Business Insider reported that Whole Foods will no longer offer the option to those employees, who comprise less than 2% of the company’s total workforce. That’s still roughly 1,900 workers who would lose coverage. The company says it is “providing team members with resources to find alternative healthcare coverage options, or to explore full-time, healthcare-eligible positions starting at 30 hours per week.”
But the irony of a company that’s built its reputation on perceived good and “team member growth and happiness”—and is owned by Jeff Bezos, the richest man on earth—is not lost on the media. The Verge ended its story on this news with a spur-kick of a closer: “During the course of writing this article, which took approximately 30 minutes, Bezos earned an estimated $4.5 million.” The Seattle Times notes prior to being bought by Amazon, Whole Foods founder and CEO John Mackey said his company’s workers were “beyond unions” because of the company’s progressive and generous workplace environment.

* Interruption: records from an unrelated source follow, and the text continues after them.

lemma exists_sigma_minimizer_upper_bounds:
  fixes K :: "'a::real_normed_vector set" and f g :: "'a \<Rightarrow>\<^sub>L real"
  defines "U \<equiv> upper_bounds (dual_cone K) {f, g}"
  assumes "U \<noteq> {}"
  shows "\<exists>h\<in>U. \<forall>w\<in>U. sigma f g h \<le> sigma f g w"
proof -
  define m where "m = Inf (sigma f g ` U)"
  have "bdd_below (sigma f g ` U)" by (rule bdd_belowI[of _ 0]) (auto simp: sigma_def)
  then have m_le: "m \<le> sigma f g w" if "w \<in> U" for w
    unfolding m_def using that by (auto intro: cInf_lower)
  have "m \<ge> 0" unfolding m_def using \<open>U \<noteq> {}\<close> by (auto simp: sigma_def intro: cInf_greatest)
  define c where "c n = m + 1 / real (Suc n)" for n
  have c_le: "c n \<le> m + 1" for n unfolding c_def by (simp add: divide_le_eq)
  define P where "P n = sigma_sublevel_pointwise K f g (c n)" for n
  have P_iff: "P n (blinfun_apply h) \<longleftrightarrow> h \<in> U \<and> sigma f g h \<le> c n" for n h
    unfolding P_def U_def by (rule sigma_sublevel_pointwise_blinfun_iff)
  define R where "R = m + 1 + norm f"
  have norm_le: "norm h \<le> R" if "sigma f g h \<le> c n" for h n
  proof -
    have "norm h \<le> norm (h - f) + norm f" using norm_triangle_ineq2[of h f] by simp
    also have "\<dots> \<le> sigma f g h + norm f" unfolding sigma_def by simp
    also have "\<dots> \<le> R" using that c_le[of n] unfolding R_def by simp
    finally show ?thesis .
  qed
  have "\<exists>h::'a \<Rightarrow>\<^sub>L real. norm h \<le> R \<and> (\<forall>n. P n (blinfun_apply h))"
  proof (rule blinfun_decreasing_Inter_nonempty)
    show "R \<ge> 0" unfolding R_def using \<open>m \<ge> 0\<close> by simp
    show "closedin (pointwise_ball_topology R) {F \<in> topspace (pointwise_ball_topology R). P n F}" for n
      unfolding P_def by (rule closedin_sigma_sublevel_pointwise)
    show "\<exists>h::'a \<Rightarrow>\<^sub>L real. norm h \<le> R \<and> P n (blinfun_apply h)" for n
    proof -
      have "m < c n" unfolding c_def by simp
      then obtain h where "h \<in> U" "sigma f g h < c n"
        using cInf_lessD[of "sigma f g ` U" "c n"] \<open>U \<noteq> {}\<close> unfolding m_def by auto
      then show ?thesis using P_iff norm_le less_imp_le by blast
    qed
    show "P n F" if "P (Suc n) F" for n F
    proof -
      have "c (Suc n) \<le> c n" unfolding c_def by (simp add: frac_le)
      then show ?thesis using that sigma_sublevel_pointwise_mono unfolding P_def by blast
    qed
  qed
  then obtain h :: "'a \<Rightarrow>\<^sub>L real" where h: "h \<in> U" "\<And>n. sigma f g h \<le> c n"
    using P_iff by blast
  have "sigma f g h \<le> m"
  proof (rule field_le_epsilon)
    fix e :: real assume "e > 0"
    then obtain n where "1 / real (Suc n) < e" using nat_approx_posE by blast
    then show "sigma f g h \<le> m + e" using h(2)[of n] unfolding c_def by simp
  qed
  then show ?thesis using h(1) m_le order_trans by blast
qed
(* Let $n\ge2$ be even, let $Q(x)=\sum_{i=1}^{n/2-1}Tr_1^n(x^{2^i+1})+Tr_1^{n/2}(x^{2^{n/2}+1})$ on $\mathbb{F}_{2^n}$, and let $f:\mathbb{F}_{2^n}\to\mathbb{F}_2$. Then $f$ is bent-negabent if and only if both $f$ and $f+Q$ are bent.
   Context: $Tr_1^m(z)=z+z^2+\dots+z^{2^{m-1}}$; $Tr=Tr_1^n$. Fix a self-dual basis $\{\alpha_i\}$ of $\mathbb{F}_{2^n}$ over $\mathbb{F}_2$ ($Tr(\alpha_i\alpha_j)=\delta_{ij}$), identify $\mathbb{F}_{2^n}$ with $\mathbb{F}_2^n$ via coordinates, and let $wt(x)$ be the number of nonzero coordinates. For $g:\mathbb{F}_{2^n}\to\mathbb{F}_2$: $g$ is bent if $\left|\sum_x(-1)^{g(x)+Tr(\mu x)}\right|=2^{n/2}$ for all $\mu$; negabent if $\left|\sum_x(-1)^{g(x)+Tr(\mu x)}\mathrm{i}^{wt(x)}\right|=2^{n/2}$ for all $\mu$ ($\mathrm{i}=\sqrt{-1}$); bent-negabent if both. *)

theory Defs
  imports Complex_Main
begin

definition tr :: "nat \<Rightarrow> 'a::field \<Rightarrow> 'a" where
  "tr m z = (\<Sum>i<m. z ^ (2 ^ i))"

text \<open>Boolean functions take values in F_2 = {0,1}, a subfield of the field 'a.
  sgn2 y = (-1)^y for y in F_2.\<close>
definition sgn2 :: "'a::field \<Rightarrow> complex" where
  "sgn2 y = (if y = 0 then 1 else -1)"

text \<open>Hamming weight of x: number of nonzero coordinates of x w.r.t. the basis
  alpha_0,...,alpha_(n-1); the support S is the unique subset with x = sum of alpha_i, i in S.\<close>
definition wt :: "(nat \<Rightarrow> 'a::field) \<Rightarrow> nat \<Rightarrow> 'a \<Rightarrow> nat" where
  "wt alpha n x = card (THE S. S \<subseteq> {..<n} \<and> x = (\<Sum>i\<in>S. alpha i))"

Hopefully that generosity means the company is offering all the formerly part-time employees the option to move to full-time employment and gain access to benefits again. Of course, that won’t work for employees who may have another part-time job in addition to Whole Foods, but at least it would at least provide them some decision-making power. Are critics being harsher on Whole Foods than they would be on another grocery chain with a similar policy? Perhaps. But a company that touts its ethical and social practices—and is owned by the richest man alive—opens itself up to this kind of scrutiny.